The name of the village is twinned with the Great English Game. The Gray-Nicholls factory has been making cricket bats here for more than a century, created from the finest willow grown at both local plantations and those further afield and hand-finished by the craftsmen at the rate of about 150 a day.
Some of the great names of cricket have wielded a GrayNicholls down the years, with England captain David Gower a more recent customer. The towering former Sussex and England captain Tony Greig took advantage of the factory’s individual attention by having an extra long bat custom-made for him.
Stoolball, a game almost exclusive to Sussex, is also catered for here by the manufacture of the round willow bats. The business moved in recent years to a site once occupied by another of the industries of the village – the toy factory where wooden playthings were made.
The Seven Stars at Robertsbridge has many claims on our attention. Built in 1194, it is reputed to be the oldest pub in the county, to have the longest curving bar counter (22 ft) and to have the largest single timber beam in Sussex (taken from the bottom of a ship).
It was a hostelry for the monks when they were building Robertsbridge Abbey and became an inn in 1380. It was here that the Abbot of Robertsbridge came to negotiate a deal for the release of King Richard the Lionheart, imprisoned in Austria, and later a tiny room at the inn is reputed to have been the hiding place of Charles II when Cromwell’s Roundheads were on his tail, though that particular monarch seems to have had hidey-holes the length and breadth of the county! There are ghosts, of course; a monk in a red cloak who wanders the passageways, and a poltergeist who throws loaves of bread around the kitchen but who has quietened down considerably since being threatened by the landlady with exorcism.
Nothing much remains of the once noble abbey, just a few bits of refectory wall and various undercrofts which form part of the buildings of Abbey Farm, a private home. Although the abbey was not notorious, as were some other monastic houses, for laxity of morals and religion, instances are recorded illustrating that the monks did not always keep to the straight and narrow path. A royal pardon dated 17 July 1436 acquits the Abbot not only of all infringements of the statute law of which an upright man might unintentionally be guilty but also of all kinds of robberies, murders, rapes of women, rebellions, insurrections, felonies, conspiracies’ etc, provided they were committed prior to September 2nd in the 10th year of Henry VI. It makes you wonder just what did go on at the old building.
The foundation stone of the Church Mission Room in the village was one of the bosses of the abbey roof. It seems to have been used as a common quarry after the Dissolution.
In the 13th century the King granted the Abbey the privilege of holding a fair from September 14 to 16 and a market on Mondays. The village once boasted two sites for these revelries, Upperfairfield and Le Bullocks fayrefield. Fairs continued to be held here until the middle of the 20th century, though the market had degenerated into a small fortnightly agricultural sale a hundred years before.
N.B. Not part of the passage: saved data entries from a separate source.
lemma openin_dense_slice:
  fixes G :: "('a::topological_space \<times> 'b) set"
  assumes "openin (prod_topology euclidean Y) G" "y \<in> topspace Y" "topological_basis \<B>"
    and meets: "\<And>B. B \<in> \<B> \<Longrightarrow> B \<noteq> {} \<Longrightarrow> \<exists>x\<in>B. (x, y) \<in> G"
  shows "openin euclidean {x. (x, y) \<in> G} \<and> euclidean closure_of {x. (x, y) \<in> G} = topspace euclidean"
proof
  have "continuous_map euclidean (prod_topology euclidean Y) (\<lambda>x. (x, y))"
    using \<open>y \<in> topspace Y\<close> by (intro continuous_map_pairedI continuous_map_id continuous_map_const) auto
  then show "openin euclidean {x. (x, y) \<in> G}"
    using openin_continuous_map_preimage[OF _ assms(1)] by force
  have "{x. (x, y) \<in> G} \<inter> T \<noteq> {}" if T: "openin euclidean T" "T \<noteq> {}" for T
  proof -
    obtain t where "t \<in> T"
      using T by blast
    then obtain B where "B \<in> \<B>" "t \<in> B" "B \<subseteq> T"
      using T assms(3) topological_basisE by (metis open_openin)
    then show ?thesis
      using meets by blast
  qed
  then show "euclidean closure_of {x. (x, y) \<in> G} = topspace euclidean"
    by (simp only: dense_intersects_open) blast
qed

lemma residual_in_slice:
  fixes \<F> :: "('a::topological_space \<times> 'b) set set"
  assumes "countable \<F>" and F: "\<And>G. G \<in> \<F> \<Longrightarrow> openin (prod_topology euclidean Y) G"
    and "topspace (prod_topology euclidean Y) \<inter> \<Inter>\<F> \<subseteq> S"
    and "y \<in> topspace Y" "topological_basis \<B>"
    and meets: "\<And>G B. G \<in> \<F> \<Longrightarrow> B \<in> \<B> \<Longrightarrow> B \<noteq> {} \<Longrightarrow> \<exists>x\<in>B. (x, y) \<in> G"
  shows "residual_in euclidean {x. (x, y) \<in> S}"
  unfolding residual_in_def
proof (intro conjI exI[of _ "(\<lambda>G. {x. (x, y) \<in> G}) ` \<F>"])
  show "countable ((\<lambda>G. {x. (x, y) \<in> G}) ` \<F>)"
    using \<open>countable \<F>\<close> by simp
  show "\<forall>U\<in>(\<lambda>G. {x. (x, y) \<in> G}) ` \<F>. openin euclidean U \<and> euclidean closure_of U = topspace euclidean"
  proof
    fix U assume "U \<in> (\<lambda>G. {x. (x, y) \<in> G}) ` \<F>"
    then obtain G where "G \<in> \<F>" and U: "U = {x. (x, y) \<in> G}"
      by blast
    show "openin euclidean U \<and> euclidean closure_of U = topspace euclidean"
      unfolding U using F[OF \<open>G \<in> \<F>\<close>]
      by (rule openin_dense_slice[OF _ \<open>y \<in> topspace Y\<close> \<open>topological_basis \<B>\<close> meets[OF \<open>G \<in> \<F>\<close>]])
  qed
  show "topspace euclidean \<inter> \<Inter>((\<lambda>G. {x. (x, y) \<in> G}) ` \<F>) \<subseteq> {x. (x, y) \<in> S}"
    using \<open>y \<in> topspace Y\<close> \<open>topspace (prod_topology euclidean Y) \<inter> \<Inter>\<F> \<subseteq> S\<close> by auto
qed simp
Robertsbridge is the village, but the tiny settlement of Salehurst half a mile away across the river Rother gives its name to the parish. In the stylish church, built of Hastings sandstone, is a 12th century font with a chain of salamanders (the emblem of a Crusader) crawling around the base of the shaft. It is claimed that Richard I gave the font to the church, though no real proof exists. Could it have been as a mark of gratitude to the Abbot for the part he played in securing the King’s release?
The village used to be Rotherbridge, for obvious reasons, and a grim place Horace Walpole found it in 1752 when he paid a brief visit to this ‘wretched village’ over roads that grew bad beyond all badness.’ He wrote in a letter of his arrival with a travelling friend: “We had still six miles hither, but determined to stop as it would be a pity to break our necks before we had seen all we intended. But, alas! there was only one bed to be had: all the rest were inhabited by smugglers, whom the people of the house called mountebanks, and with one of whom the lady of the den told Mr Chute he might lie.’ The travellers made their excuses and left.
The village fought long, hard and successfully to have a bypass to rid the pretty main street of the nerve-jarring stream of traffic on the A21, though a more peaceful road is the lane that leads to Brightling. At Darvell, once a TB sanitorium, is the headquarters of the Hutterian Society of Brothers, a community of men, women and children who hold everything in common and use no currency. Some 200 people live there, making wooden play equipment in the commune’s workshop the income from which pays for their simple way of life. It has its own school and most of the clothes worn by the residents are made on the premises.